Querbeet: lauter Lieblings-Bücher

Lyon, Buchhandlung. Foto: Hilke Maunder
Möchte man da nicht gleich hinein gehen und nach schönen Schmökern stöbern?

Hast Du mal einen Buchtipp? Was für tolle Bücher und Schriftsteller kennst Du aus Frankreich? Immer wieder werde ich das gefragt. Dabei bin immer ganz unschlüssig, wer  gerade zu meinen Favoriten gehört – nicht zu den Titeln, die ich erst jüngst gerne gelesen habe, sondern immer wieder gerne zur Hand nehme.

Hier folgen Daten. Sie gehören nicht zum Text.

lemma measure_quotient_mono:
  fixes N :: "real^'n \<Rightarrow> real"
  assumes N: "is_vnorm N" and h: "0 < h1" "h1 \<le> h2"
  shows "measure_quotient N A h1 \<le> measure_quotient N A h2"
proof -
  define r where "r = h1 / h2"
  have r: "0 < r" "r \<le> 1" using h unfolding r_def by auto
  have "ind_norm N (mat 1 + h1 *\<^sub>R A) \<le> r * ind_norm N (mat 1 + h2 *\<^sub>R A) + (1 - r)"
  proof (rule ind_norm_least[OF N])
    fix v assume v: "N v = 1"
    have "(mat 1 + h1 *\<^sub>R A) *v v = r *\<^sub>R ((mat 1 + h2 *\<^sub>R A) *v v) + (1 - r) *\<^sub>R v"
      using h unfolding mat_one_plus_apply r_def by (simp add: algebra_simps)
    then have "N ((mat 1 + h1 *\<^sub>R A) *v v)
        \<le> N (r *\<^sub>R ((mat 1 + h2 *\<^sub>R A) *v v)) + N ((1 - r) *\<^sub>R v)"
      by (simp add: vnorm_triangle[OF N])
    also have "\<dots> = r * N ((mat 1 + h2 *\<^sub>R A) *v v) + (1 - r)"
      using r v by (simp add: vnorm_scaleR[OF N])
    also have "\<dots> \<le> r * ind_norm N (mat 1 + h2 *\<^sub>R A) + (1 - r)"
      using r ind_norm_ge[OF N v] by (simp add: mult_left_mono)
    finally show "N ((mat 1 + h1 *\<^sub>R A) *v v) \<le> r * ind_norm N (mat 1 + h2 *\<^sub>R A) + (1 - r)" .
  qed
  then have "ind_norm N (mat 1 + h1 *\<^sub>R A) - 1 \<le> r * (ind_norm N (mat 1 + h2 *\<^sub>R A) - 1)"
    by (simp add: algebra_simps)
  then have "(ind_norm N (mat 1 + h1 *\<^sub>R A) - 1) / h1
      \<le> r * (ind_norm N (mat 1 + h2 *\<^sub>R A) - 1) / h1"
    using h by (simp add: divide_right_mono)
  also have "\<dots> = measure_quotient N A h2"
    unfolding measure_quotient_def r_def using h by simp
  finally show ?thesis unfolding measure_quotient_def .
qed

lemma measure_quotient_lower:
  fixes N :: "real^'n \<Rightarrow> real"
  assumes N: "is_vnorm N" and h: "h > 0"
  shows "- ind_norm N A \<le> measure_quotient N A h"
proof -
  obtain u where u: "N u = 1" using vnorm_unit_exists[OF N] by blast
  have "1 - h * ind_norm N A \<le> N u - N (h *\<^sub>R (A *v u))"
    using u ind_norm_ge[OF N u, of A] h by (simp add: vnorm_scaleR[OF N] mult_left_mono)
  also have "\<dots> \<le> N (u + h *\<^sub>R (A *v u))"
    using vnorm_diff_le[OF N, of u "- (h *\<^sub>R (A *v u))"] by (simp add: vnorm_minus[OF N])
  also have "\<dots> \<le> ind_norm N (mat 1 + h *\<^sub>R A)"
    using ind_norm_ge[OF N u, of "mat 1 + h *\<^sub>R A"] by (simp add: mat_one_plus_apply)
  finally show ?thesis unfolding measure_quotient_def using h by (simp add: field_simps)
qed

Meine Lieblingstitel: eine total subjektive Auswahl.Wie sieht es bei euch aus? Welche französischen Autoren oder Titel lest ihr gerne? Ich freue mich über eure Tipps und Kommentare!

Meine Lieblingstitel von A-Z:  eine Auswahl

 Ajar, Emile (Romain Gary): Du hast das Leben noch vor Dir

Madame Rosa, alt und rund,  kümmert sich in einem Pariser Vorort um die Kinder von Prostituierten. Besonders am Herzen liegt ihr Mohammed, genannt „Momo“. Um ihn möglichst lange zu „betüttern“, gaukelt sie ihm ein jüngeres Alter vor. Doch dann merkt Momo, dass er bereits 14 Jahre alt ist – und sein Vater kommt zu Besuch… Das heute politisch herrlich inkorrekt wirkende Werk erhielt den Prix Goncourt und wurde 1977 verfilmt unter „La vie devant soi“.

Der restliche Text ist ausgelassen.